• _Exercise details_: The answer must be the lines from the one containing "domain, so that" through the last line of the data below, copied exactly, with nothing else.

(Collected data entries)
lemma map_take_path_pmf:
  "k \<le> N \<Longrightarrow> map_pmf (take (Suc k)) (path_pmf \<omega> x N) = path_pmf \<omega> x k"
proof (induction N)
  case 0
  then show ?case by simp
next
  case (Suc N)
  show ?case
  proof (cases "k = Suc N")
    case True
    have "map_pmf (take (Suc k)) (path_pmf \<omega> x (Suc N)) = map_pmf id (path_pmf \<omega> x (Suc N))"
      by (rule map_pmf_cong) (auto simp: True dest!: set_pmf_path_pmf)
    then show ?thesis
      by (simp add: True pmf.map_id)
  next
    case False
    then have "k \<le> N"
      using Suc.prems by simp
    have "map_pmf (take (Suc k)) (path_pmf \<omega> x (Suc N)) =
        bind_pmf (path_pmf \<omega> x N) (\<lambda>ys. map_pmf (\<lambda>y. take (Suc k) (ys @ [y])) (kernel \<omega> (last ys)))"
      by (simp add: map_bind_pmf pmf.map_comp o_def)
    also have "\<dots> = bind_pmf (path_pmf \<omega> x N) (\<lambda>ys. return_pmf (take (Suc k) ys))"
      using \<open>k \<le> N\<close> by (intro bind_pmf_cong refl) (auto dest!: set_pmf_path_pmf)
    also have "\<dots> = path_pmf \<omega> x k"
      using Suc.IH \<open>k \<le> N\<close> by (simp add: map_pmf_def)
    finally show ?thesis .
  qed
qed

lemma nn_integral_path_pmf_take:
  "k \<le> N \<Longrightarrow> (\<integral>\<^sup>+ ys. f (take (Suc k) ys) \<partial>path_pmf \<omega> x N) = (\<integral>\<^sup>+ ys. f ys \<partial>path_pmf \<omega> x k)"
  by (simp flip: map_take_path_pmf[of k N \<omega> x])
theorem lemma14:
  fixes V :: "'a set" and E :: "'a \<Rightarrow> 'a \<Rightarrow> bool" and w p :: nat
  assumes "is_graph V E"
    and "\<forall>S. is_block V E S \<longrightarrow> has_good_decomp S (induced E S) w p"
  shows "has_good_decomp V E w (p + 1)"
  using good_decomp_rooted[OF assms, of "{}"] unfolding has_good_decomp_def by auto

end
(* Let $G$ be a locally compact group, $K$ a compact subgroup with normalized Haar measure $dk$, $\chi$ a continuous unitary character of $K$, $\delta>0$, and $\mu$ a bounded continuous character of $G$. Let $f\in\mathcal{C}(G)$ satisfy $f(kxh)=\chi(k)f(x)\chi(h)$ for all $k,h\in K$, $x\in G$, and $$\Big|\int_K f(xky)\overline{\chi(k)}\,dk+\mu(y)\int_K f(xky^{-1})\overline{\chi(k)}\,dk-2f(x)f(y)\Big|\le\delta\quad\text{for all }x,y\in G.$$ Then either $f$ is bounded or $f$ satisfies $\int_K f(xky)\overline{\chi(k)}\,dk+\mu(y)\int_K f(xky^{-1})\overline{\chi(k)}\,dk=2f(x)f(y)$ for all $x,y\in G$.
   Context: A character of $G$ is a continuous homomorphism $G\to\mathbb{C}\setminus\{0\}$; a unitary character of $K$ is a continuous homomorphism $K\to\{z\in\mathbb{C}:|z|=1\}$. *)

theory Defs
  imports "HOL-Analysis.Analysis"
begin

text \<open>A (possibly non-commutative) group written additively via the class group_add,
  with its type topology making it a Hausdorff locally compact topological group.\<close>
definition lc_group :: "('g::{t2_space, group_add}) itself \<Rightarrow> bool" where
  "lc_group _ \<longleftrightarrow>
     continuous_on UNIV (\<lambda>p::'g \<times> 'g. fst p + snd p) \<and>
     continuous_on UNIV (\<lambda>x::'g. - x) \<and>
     locally_compact_space (euclidean :: 'g topology)"

definition compact_subgroup :: "'g::{topological_space, group_add} set \<Rightarrow> bool" where
  "compact_subgroup K \<longleftrightarrow> compact K \<and> 0 \<in> K \<and>
     (\<forall>a\<in>K. \<forall>b\<in>K. a + b \<in> K) \<and> (\<forall>a\<in>K. - a \<in> K)"

definition normalized_haar :: "'g::{topological_space, group_add} set \<Rightarrow> 'g measure \<Rightarrow> bool" where
  "normalized_haar K m \<longleftrightarrow> space m = K \<and> sets m = sets (restrict_space borel K) \<and>
     emeasure m K = 1 \<and>
     (\<forall>k\<in>K. \<forall>A\<in>sets m. emeasure m ((\<lambda>x. k + x) ` A) = emeasure m A) \<and>
     (\<forall>k\<in>K. \<forall>A\<in>sets m. emeasure m ((\<lambda>x. x + k) ` A) = emeasure m A)"

definition unitary_character_on :: "'g::{topological_space, group_add} set \<Rightarrow> ('g \<Rightarrow> complex) \<Rightarrow> bool" where
  "unitary_character_on K chi \<longleftrightarrow> continuous_on K chi \<and> (\<forall>k\<in>K. cmod (chi k) = 1) \<and>
     (\<forall>a\<in>K. \<forall>b\<in>K. chi (a + b) = chi a * chi b)"

definition group_character :: "('g::{topological_space, group_add} \<Rightarrow> complex) \<Rightarrow> bool" where
  "group_character mu \<longleftrightarrow> continuous_on UNIV mu \<and> (\<forall>x. mu x \<noteq> 0) \<and>
     (\<forall>x y. mu (x + y) = mu x * mu y)"

end

theory Submission
  imports Defs "HOL-Probability.Probability_Measure"
begin
(* The standard dual functor on $\mathrm{Herm}(\mathrm{sVect})$ maps $\mathrm{sHilb}\subseteq\mathrm{Herm}(\mathrm{sVect})$ into $\mathrm{sHilb}_{odd\text{-}neg}$, the full subcategory of super Hermitian vector spaces whose even part is positive definite and whose odd part is negative definite.
   Context: $\mathrm{sVect}$: finite-dimensional complex $\mathbb{Z}/2$-graded vector spaces with even linear maps, Koszul braiding, dual $V^*$ = graded space of linear functionals with $T^*(f)=f\circ T$. Anti-involution $dV=\overline{V}^*$ (identified with $\overline{V^*}$ via $\bar f(\bar v)=\overline{f(v)}$), monoidal structure $\chi(\bar f\otimes\bar g)(\bar v\otimes\bar w)=(-1)^{|g||v|}\overline{f(v)g(w)}$, $\eta_V(v)=\Phi_v$, $\Phi_v(f)=(-1)^{|f||v|}f(v)$. $\mathrm{Herm}(\mathrm{sVect})$: pairs $(V,\langle\cdot,\cdot\rangle)$ with nondegenerate sesquilinear form, $V_0\perp V_1$, $\langle v,w\rangle=(-1)^{|v||w|}\overline{\langle w,v\rangle}$; morphisms even linear maps. $\mathrm{sHilb}$: those with $\langle v,v\rangle>0$ for nonzero even $v$ and $\langle v,v\rangle/i>0$ for nonzero odd $v$; $\mathrm{sHilb}_{odd\text{-}neg}$: those with $\langle v,v\rangle>0$ for nonzero even $v$ and $\langle v,v\rangle/i<0$ for nonzero odd $v$. The standard dual functor sends $(V,h)$ (with $h\colon V\to dV$ the map corresponding to the form) to $V^*$ with the dual Hermitian pairing $V^*\xrightarrow{(h^* )^{-1}}(dV)^*\cong d(V^* )$, where the last isomorphism is the canonical uniqueness-of-duals isomorphism, and a morphism $T$ to $T^*$. *)

theory Defs
  imports "HOL-Analysis.Analysis"
begin

text \<open>
  A finite-dimensional complex super vector space is modelled by the
  underlying space complex^'n (every finite-dimensional complex vector space is
  isomorphic to one of these; 'n is an arbitrary finite index type) together with an
  arbitrary grading by two complementary subspaces V0 (even part) and V1 (odd part).
  Sesquilinear forms are linear in the first and antilinear in the second argument;
  the map h : V -> dV corresponding to a form is  h(v)(bar w) = B v w.
  Elements of dV = conj(V)^* are represented as antilinear functionals phi on V
  (phi w = value at bar w); elements of d(V^*) = conj(V^*)^* as antilinear functionals
  Theta on V^* (Theta f = value at bar f); elements of (dV)^* as linear functionals
  on dV.  All such representing functions are required to vanish outside their
  domain, so that they are uniquely determined.
\<close>

type_synonym 'n cvec = "complex ^ 'n"

definition is_subsp :: "'a set \<Rightarrow> ('a \<Rightarrow> 'a \<Rightarrow> 'a) \<Rightarrow> (complex \<Rightarrow> 'a \<Rightarrow> 'a) \<Rightarrow> 'a \<Rightarrow> 'a set \<Rightarrow> bool" where
  "is_subsp S add sc z W \<longleftrightarrow> W \<subseteq> S \<and> z \<in> W \<and> (\<forall>x\<in>W. \<forall>y\<in>W. add x y \<in> W) \<and> (\<forall>c. \<forall>x\<in>W. sc c x \<in> W)"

• _Exercise result_:
  domain, so that they are uniquely determined.
\<close>

type_synonym 'n cvec = "complex ^ 'n"

definition is_subsp :: "'a set \<Rightarrow> ('a \<Rightarrow> 'a \<Rightarrow> 'a) \<Rightarrow> (complex \<Rightarrow> 'a \<Rightarrow> 'a) \<Rightarrow> 'a \<Rightarrow> 'a set \<Rightarrow> bool" where
  "is_subsp S add sc z W \<longleftrightarrow> W \<subseteq> S \<and> z \<in> W \<and> (\<forall>x\<in>W. \<forall>y\<in>W. add x y \<in> W) \<and> (\<forall>c. \<forall>x\<in>W. sc c x \<in> W)"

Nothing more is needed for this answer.